What is the value prop for the lowres when the hires is required?
[Brian responds] I defer first to @pablo-gar since it is a census optional requirement and then to @sidneymbell. I have seen references to lowres images - https://www.ncbi.nlm.nih.gov/geo/query/acc.cgi?acc=GSM5808057, but I'm unaware of any relevant use case.
Is there value in storing the Capture Area size? Could it be calculated from the array_*?
[Brian responds] - That is why I'm suggesting capturing the slide serial number.

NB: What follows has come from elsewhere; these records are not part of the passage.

lemma C1c_punct_integral_dilation:
  fixes f :: "'a::euclidean_space \<Rightarrow> real"
  assumes f: "C1c_punct K f" and W: "continuous_on (-{0}) W" and t: "t > 0"
  shows "integral UNIV (\<lambda>x. f (t *\<^sub>R x) * W x) = integral UNIV (\<lambda>y. f y * W (y /\<^sub>R t)) / t ^ DIM('a)"
proof -
  have "continuous_on (-{0}) (\<lambda>y. W (y /\<^sub>R t))"
    using t by (intro continuous_on_compose2[OF W]) (auto intro!: continuous_intros)
  then have "(\<lambda>y. f y * W (y /\<^sub>R t)) integrable_on UNIV"
    by (rule integrable_on_lborel[OF C1c_punct_integrable_weighted[OF f]])
  from integral_dilation[OF this _ _ t, of K] f t show ?thesis
    by (auto simp: C1c_punct_def compact_imp_bounded)
qed

lemma continuous_cutoff_near_0:
  fixes W :: "'a::real_normed_vector \<Rightarrow> real"
  assumes W: "continuous_on (-{0}) W" and d: "d > 0"
  obtains V where "continuous_on UNIV V" "\<And>x. norm x \<ge> d \<Longrightarrow> V x = W x"
proof
  define V where "V x = W x * min 1 (max 0 (2 * norm x / d - 1))" for x
  have "isCont V x" for x
  proof (cases "x = 0")
    case True
    have "\<forall>\<^sub>F y in at 0. V y = 0"
      unfolding eventually_at
      by (rule exI[of _ "d/2"]) (use d in \<open>auto simp: V_def dist_norm field_simps\<close>)
    then have "(V \<longlongrightarrow> 0) (at 0)" by (rule tendsto_eventually)
    then show ?thesis using True by (simp add: isCont_def V_def)
  next
    case False
    then have "isCont W x"
      using W continuous_on_eq_continuous_at[of "-{0}" W] by auto
    then show ?thesis unfolding V_def using d by (intro continuous_intros) auto
  qed
  then show "continuous_on UNIV V" by (simp add: continuous_on_eq_continuous_at)
  show "V x = W x" if "norm x \<ge> d" for x
    using that d by (simp add: V_def field_simps)
qed

lemma has_field_derivative_integral_cbox_dilation:
  fixes g V :: "'a::euclidean_space \<Rightarrow> real"
  assumes g: "\<And>x. (g has_derivative (\<lambda>v. grad g x \<bullet> v)) (at x)"
    and cg: "continuous_on UNIV (grad g)" and cV: "continuous_on UNIV V"
  shows "((\<lambda>t. integral (cbox u w) (\<lambda>x. g (t *\<^sub>R x) * V x)) has_field_derivative
           integral (cbox u w) (\<lambda>x. (grad g (t *\<^sub>R x) \<bullet> x) * V x)) (at t)"
proof -
  have "continuous_on UNIV g"
    using g by (meson continuous_on_eq_continuous_within has_derivative_continuous)
  then have "continuous_on UNIV (\<lambda>x. g (s *\<^sub>R x))" for s
    by (rule continuous_on_compose2) (auto intro!: continuous_intros)
  then have "continuous_on UNIV (\<lambda>x. g (s *\<^sub>R x) * V x)" for s
    using cV by (intro continuous_intros)
  then have int: "(\<lambda>x. g (s *\<^sub>R x) * V x) integrable_on cbox u w" for s
    by (rule integrable_continuous[OF continuous_on_subset]) simp
  have der: "((\<lambda>s. g (s *\<^sub>R x) * V x) has_field_derivative (grad g (s *\<^sub>R x) \<bullet> x) * V x) (at s within UNIV)"
    for s x
  proof -
    have "((\<lambda>s. g (s *\<^sub>R x)) has_derivative (\<lambda>h. grad g (s *\<^sub>R x) \<bullet> (h *\<^sub>R x))) (at s)"
      by (rule has_derivative_compose[OF _ g]) (auto intro!: derivative_eq_intros)
    then have "((\<lambda>s. g (s *\<^sub>R x)) has_field_derivative grad g (s *\<^sub>R x) \<bullet> x) (at s)"
      unfolding has_field_derivative_def by (simp add: mult.commute[of _ "grad g (s *\<^sub>R x) \<bullet> x"])
    then show ?thesis by (simp add: DERIV_cmult_right)
  qed
  have "continuous_on UNIV (\<lambda>z::real \<times> 'a. grad g (fst z *\<^sub>R snd z))"
    by (rule continuous_on_compose2[OF cg]) (auto intro!: continuous_intros)
  moreover have "continuous_on UNIV (\<lambda>z::real \<times> 'a. V (snd z))"
    by (rule continuous_on_compose2[OF cV]) (auto intro!: continuous_intros)
  ultimately have "continuous_on UNIV (\<lambda>z::real \<times> 'a. (grad g (fst z *\<^sub>R snd z) \<bullet> snd z) * V (snd z))"
    by (intro continuous_intros)
  then have "continuous_on (UNIV \<times> cbox u w) (\<lambda>(s, x). (grad g (s *\<^sub>R x) \<bullet> x) * V x)"
    unfolding split_beta by (rule continuous_on_subset) auto
  from leibniz_rule_field_derivative[OF der int this] show ?thesis by simp
qed

lemma compact_dilation_preimage_bounds:
  fixes K :: "'a::euclidean_space set"
  assumes K: "compact K" "0 \<notin> K"
  obtains d M where "d > 0"
    "\<And>t x. t \<in> {1/2<..<2} \<Longrightarrow> t *\<^sub>R x \<in> K \<Longrightarrow> d \<le> norm x \<and> x \<in> cbox (- M) M"
proof -
  have "open (- K)" using K(1) compact_imp_closed by blast
  then obtain d where d: "d > 0" "ball 0 d \<subseteq> - K" using K(2) open_contains_ball_eq by blast
  obtain R where R: "\<And>x. x \<in> K \<Longrightarrow> norm x \<le> R"
    using compact_imp_bounded[OF K(1)] bounded_pos by blast
  obtain M where M: "cball 0 (2 * R) \<subseteq> cbox (- M) (M::'a)"
    using bounded_subset_cbox_symmetric[of "cball 0 (2 * R)"] by auto
  have "d / 2 \<le> norm x \<and> x \<in> cbox (- M) M" if "t \<in> {1/2<..<2}" "t *\<^sub>R x \<in> K" for t x
  proof
    have "d \<le> t * norm x" using d that by (force simp: subset_iff)
    also have "\<dots> \<le> 2 * norm x" using that by (intro mult_right_mono) auto
    finally show "d / 2 \<le> norm x" by simp
    have "(1/2) * norm x \<le> t * norm x" using that by (intro mult_right_mono) auto
    also have "\<dots> \<le> R" using R[OF that(2)] that by simp
    finally show "x \<in> cbox (- M) M" using M by auto
  qed
  with d show ?thesis by (intro that[of "d / 2" M]) auto
qed

lemma has_field_derivative_integral_dilation:
  fixes g W :: "'a::euclidean_space \<Rightarrow> real"
  assumes g: "C1c_punct K g" and W: "continuous_on (-{0}) W"
  shows "((\<lambda>t. integral UNIV (\<lambda>x. g (t *\<^sub>R x) * W x)) has_field_derivative
           integral UNIV (\<lambda>x. (grad g x \<bullet> x) * W x)) (at 1)"
proof -
  have vanish: "g y = 0" "grad g y = 0" if "y \<notin> K" for y
    using g C1c_punct_grad_eq_0[OF g] that by (auto simp: C1c_punct_def)
  obtain d M where d: "d > 0" and supp:
    "\<And>t x. t \<in> {1/2<..<2} \<Longrightarrow> t *\<^sub>R x \<in> K \<Longrightarrow> d \<le> norm x \<and> x \<in> cbox (- M) M"
    using compact_dilation_preimage_bounds[of K] g by (auto simp: C1c_punct_def)
  txt \<open>For t near 1, g(t x) vanishes near x = 0 and outside a box, so W may be replaced by a
    continuous cutoff V and the integrals over UNIV by integrals over the box, where Leibniz's rule
    for differentiation under the integral sign applies.\<close>
  obtain V where V: "continuous_on UNIV V" "\<And>x. norm x \<ge> d \<Longrightarrow> V x = W x"
    using continuous_cutoff_near_0[OF W d] by auto
  have eq: "integral UNIV (\<lambda>x. g (t *\<^sub>R x) * W x) = integral (cbox (- M) M) (\<lambda>x. g (t *\<^sub>R x) * V x)"
    if "t \<in> {1/2<..<2}" for t
  proof -
    have "g (t *\<^sub>R x) * W x = (if x \<in> cbox (- M) M then g (t *\<^sub>R x) * V x else 0)" for x
      by (cases "t *\<^sub>R x \<in> K") (use supp[OF that] vanish V(2) in auto)
    then show ?thesis by (simp add: integral_restrict_UNIV)
  qed
  have eq1: "integral UNIV (\<lambda>x. (grad g x \<bullet> x) * W x)
      = integral (cbox (- M) M) (\<lambda>x. (grad g (1 *\<^sub>R x) \<bullet> x) * V x)"
  proof -
    have "(grad g x \<bullet> x) * W x = (if x \<in> cbox (- M) M then (grad g (1 *\<^sub>R x) \<bullet> x) * V x else 0)" for x
      by (cases "x \<in> K") (use supp[of 1 x] vanish V(2) in auto)
    then show ?thesis by (simp add: integral_restrict_UNIV)
  qed
  have "((\<lambda>t. integral (cbox (- M) M) (\<lambda>x. g (t *\<^sub>R x) * V x)) has_field_derivative
      integral (cbox (- M) M) (\<lambda>x. (grad g (1 *\<^sub>R x) \<bullet> x) * V x)) (at 1)"
    using g V(1) by (intro has_field_derivative_integral_cbox_dilation C1c_punct_has_derivative)
      (auto simp: C1c_punct_def)
  then show ?thesis unfolding eq1
    by (rule has_field_derivative_transform_within_open[of _ _ _ "{1/2<..<2}"]) (auto simp: eq)
qed

section \<open>Radial integration by parts\<close>

lemma integral_grad_radial_eqI:
  fixes g W :: "'a::euclidean_space \<Rightarrow> real"
  assumes g: "C1c_punct K g" and W: "continuous_on (-{0}) W"
    and \<psi>: "\<And>t. t > 0 \<Longrightarrow> integral UNIV (\<lambda>x. g (t *\<^sub>R x) * W x) = \<psi> t"
    and D: "(\<psi> has_field_derivative D) (at 1)"
  shows "integral UNIV (\<lambda>x. (grad g x \<bullet> x) * W x) = D"
proof -
  have "((\<lambda>t. integral UNIV (\<lambda>x. g (t *\<^sub>R x) * W x)) has_field_derivative D) (at 1)"
    by (rule has_field_derivative_transform_within_open[OF D, of "{0<..}"]) (auto simp: \<psi>)
  then show ?thesis
    using DERIV_unique[OF has_field_derivative_integral_dilation[OF g W]] by blast
qed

See Space Ranger Slide Serial and Capture Area Parameters
[Jason responds to Brian responds] - I am not seeing the suggestion in this proposal.
uns.embeddings - 3 different identifiers seems excessive (for non-Visium datasets, this adds 2 fields that need to be curated) What is the value prop to offer a "title" that differs from the current display of the obsm key? Can we just require consistency between image key & obsm key?
[Brian responds] Please see #single-cell-modalities.
[Jason responds to Brian responds] - I am not seeing the ask or the use case for a title to be specified rather than just display the obsm key like we currently do.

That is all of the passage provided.